- Period: 1991–present
- Subject: Sci-fi, horror, RPG, educational material
- Notable works: Ancient Horror; Teaching with Roleplay

= Roger Huntman =

American author

Roger James Huntman is an American author of horror, supernatural fiction, suspense, educational, science-fiction, and fantasy novels. Copies have been adapted into tabletop games and audiobooks. He has also written approximately 100 tabletop game articles and short stories, most of which have been published in electronic formats.

== Career ==
His debut, Vampire Hotel, was published in 2014, and was followed by Ancient Steel Horror the roleplaying game, Zombie Convention, Vampire Hunt and Vampire Hunter 101. Werewolf Therapy, and a collection of collaborations with Greg Stomberg and Logan Montgomery Knight. Teaching with Roleplay was one of his first major departures from the horror genre and one of the first publications to use roleplay in the classroom.

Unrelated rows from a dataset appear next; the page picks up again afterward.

(* For every complex $z$, \[ \cosh(\pi z)=\sum_{n\ge0}\frac{\prod_{j=0}^{n-1}(j^2+9z^2)}{(2n)!}, \] and, equivalently via Euler's transformation, $\cosh(\pi z)$ equals the continued fraction with $a(0)=1$, $a(1)=2$, $a(n)=5n^2-4n+1+9z^2$ for $n\ge2$, $b(0)=9z^2$, $b(n)=-2n(2n-1)(n^2+9z^2)$ for $n\ge1$.
   Context: For sequences $a(n),b(n)$, the continued fraction is $a(0)+\cfrac{b(0)}{a(1)+\cfrac{b(1)}{a(2)+\cdots}}$; the empty product equals $1$. *)

theory Defs
  imports Complex_Main
begin

text \<open>Continued fraction a(0) + b(0)/(a(1) + b(1)/(a(2) + ...)).
  Its n-th convergent is P_n / Q_n, given by the fundamental recurrences
  P_{-1} = 1, P_0 = a 0, P_{n+1} = a(n+1) P_n + b(n) P_{n-1},
  Q_{-1} = 0, Q_0 = 1,   Q_{n+1} = a(n+1) Q_n + b(n) Q_{n-1}.
  Here cf_num a b (Suc n) = P_n and cf_num a b 0 = P_{-1} (same for cf_den).\<close>

fun cf_num :: "(nat \<Rightarrow> 'a::field) \<Rightarrow> (nat \<Rightarrow> 'a) \<Rightarrow> nat \<Rightarrow> 'a" where
  "cf_num a b 0 = 1"
| "cf_num a b (Suc 0) = a 0"
| "cf_num a b (Suc (Suc n)) = a (Suc n) * cf_num a b (Suc n) + b n * cf_num a b n"

fun cf_den :: "(nat \<Rightarrow> 'a::field) \<Rightarrow> (nat \<Rightarrow> 'a) \<Rightarrow> nat \<Rightarrow> 'a" where
  "cf_den a b 0 = 0"
| "cf_den a b (Suc 0) = 1"
| "cf_den a b (Suc (Suc n)) = a (Suc n) * cf_den a b (Suc n) + b n * cf_den a b n"

definition cf_convergent :: "(nat \<Rightarrow> 'a::field) \<Rightarrow> (nat \<Rightarrow> 'a) \<Rightarrow> nat \<Rightarrow> 'a" where
  "cf_convergent a b n = cf_num a b (Suc n) / cf_den a b (Suc n)"

definition cf_converges_to :: "(nat \<Rightarrow> 'a::{field,topological_space}) \<Rightarrow> (nat \<Rightarrow> 'a) \<Rightarrow> 'a \<Rightarrow> bool" where
  "cf_converges_to a b x \<longleftrightarrow> (cf_convergent a b \<longlonglongrightarrow> x)"

end

theory Submission
  imports Defs "HOL-Analysis.FPS_Convergence"
begin

text \<open>The coefficients c_n of the series satisfy (2n+2)(2n+1) c_(n+1) = (n^2 + w) c_n with
  w = 9z^2, so G(y) = \<Sum> c_n y^n solves y(4 - y) G'' + (2 - y) G' = w G. Substituting
  y = 2 - 2 cos p turns this into h'' = w h for h(p) = G(2 - 2 cos p), with h(0) = 1 and
  h'(0) = 0; hence h(p) = cosh(3zp), and p = \<pi>/3 (where y = 1) gives the series.
  The continued fraction is Euler's transformation of this series, whose convergents are
  exactly its partial sums.\<close>

locale euler_cf =
  fixes a b p q :: "nat \<Rightarrow> 'a::{field,topological_space}"
  assumes a_0: "a 0 = 1" and a_1: "a (Suc 0) = q 0"
    and a_Suc_Suc: "\<And>n. a (Suc (Suc n)) = q (Suc n) + p (Suc n)"
    and b_0: "b 0 = p 0"
    and b_Suc: "\<And>n. b (Suc n) = - q n * p (Suc n)"
begin

lemma cf_den_Suc_Suc: "cf_den a b (Suc (Suc n)) = q n * cf_den a b (Suc n)"
  by (induction n) (simp_all add: a_1 a_Suc_Suc b_Suc algebra_simps)

lemma cf_num_Suc_Suc: "cf_num a b (Suc (Suc n)) = q n * cf_num a b (Suc n) + (\<Prod>j\<le>n. p j)"
  by (induction n) (simp_all add: a_0 a_1 b_0 a_Suc_Suc b_Suc algebra_simps)

lemma cf_den_Suc: "cf_den a b (Suc n) = (\<Prod>j<n. q j)"
  by (induction n) (simp_all add: cf_den_Suc_Suc del: cf_den.simps(3))

lemma cf_convergent_eq_sum:
  assumes "\<And>j. q j \<noteq> 0"
  shows "cf_convergent a b n = (\<Sum>k\<le>n. \<Prod>j<k. p j / q j)"
proof (induction n)
  case 0
  show ?case by (simp add: cf_convergent_def a_0)
next
  case (Suc n)
  have "cf_convergent a b (Suc n) = cf_convergent a b n + (\<Prod>j\<le>n. p j) / (\<Prod>j<Suc n. q j)"
    using assms by (simp add: cf_convergent_def cf_num_Suc_Suc cf_den_Suc add_divide_distrib
        del: cf_num.simps cf_den.simps)
  also have "(\<Prod>j\<le>n. p j) / (\<Prod>j<Suc n. q j) = (\<Prod>j<Suc n. p j / q j)"
    by (simp add: prod_dividef lessThan_Suc_atMost)
  finally show ?case using Suc.IH by simp
qed

lemma cf_converges_to_iff_sums:
  assumes "\<And>j. q j \<noteq> 0"
  shows "cf_converges_to a b x \<longleftrightarrow> (\<lambda>k. \<Prod>j<k. p j / q j) sums x"
  unfolding cf_converges_to_def sums_def cf_convergent_eq_sum[OF assms] lessThan_Suc_atMost[symmetric]
  by (rule filterlim_sequentially_Suc[of "\<lambda>n. \<Sum>k<n. \<Prod>j<k. p j / q j"])

end

lemma norm_less_fps_conv_radius_add:
  "norm z < fps_conv_radius f \<Longrightarrow> norm z < fps_conv_radius g \<Longrightarrow> norm z < fps_conv_radius (f + g)"
  using fps_conv_radius_add[of f g] by (simp add: min_def split: if_splits)

lemma norm_less_fps_conv_radius_diff:
  "norm z < fps_conv_radius f \<Longrightarrow> norm z < fps_conv_radius g \<Longrightarrow> norm z < fps_conv_radius (f - g)"
  using fps_conv_radius_diff[of f g] by (simp add: min_def split: if_splits)

lemma norm_less_fps_conv_radius_mult:
  "norm z < fps_conv_radius f \<Longrightarrow> norm z < fps_conv_radius g \<Longrightarrow> norm z < fps_conv_radius (f * g)"
  using fps_conv_radius_mult[of f g] by (simp add: min_def split: if_splits)

lemma linear_ode_zero:
  fixes f :: "complex \<Rightarrow> complex"
  assumes "convex S" "0 \<in> S" "x \<in> S" "f 0 = 0"
    and f': "\<And>x. x \<in> S \<Longrightarrow> (f has_field_derivative c * f x) (at x within S)"
  shows "f x = 0"
proof -
  have "\<exists>k. \<forall>x\<in>S. f x * exp (- (c * x)) = k"
  proof (rule has_field_derivative_zero_constant[OF \<open>convex S\<close>])
    fix x assume "x \<in> S"
    have "((\<lambda>x. f x * exp (- (c * x))) has_field_derivative
        c * f x * exp (- (c * x)) + f x * (- c * exp (- (c * x)))) (at x within S)"
      by (rule derivative_eq_intros f' \<open>x \<in> S\<close> refl | simp)+
    then show "((\<lambda>x. f x * exp (- (c * x))) has_field_derivative 0) (at x within S)"
      by (simp add: algebra_simps)
  qed
  then have "f x * exp (- (c * x)) = f 0 * exp (- (c * 0))"
    using \<open>0 \<in> S\<close> \<open>x \<in> S\<close> by metis
  then show ?thesis using \<open>f 0 = 0\<close> by simp
qed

His first attempts in publishing were in 1991 after a gamer in his group, Dave Arneson, co-creator of Dungeons & Dragons, attended his regular roleplaying game sessions, and then giving his blessing on the original game Ancient Steel Role Playing Game. This gave way to a small print run of the game in 1992. He has more than 40 publications as of 2024.

==Politics==
While working as a middle school teacher at Developing Mind Montessori School in Post Falls, Idaho, Huntman was unhappy with recent decisions by the city council of Coeur d'Alene, Idaho, so in 2019 he ran for one of the three seats on the city countil. Hutman was running for seat 5 on the council. He ran against incumbent Dan English. Hutman dropped out of the race soon after due to a lack of financial resources. He dropped out after the deadline to remove his name from the ballot. Huntman still received 5.2% of the vote.

== Education ==
Roger Huntman served as a treasurer in high school. Huntman has an associates degree in psychology from Western Iowa Tech, a bachelors degree in theology from Briar Cliff University, and a masters degree in Education from Grand Canyon University.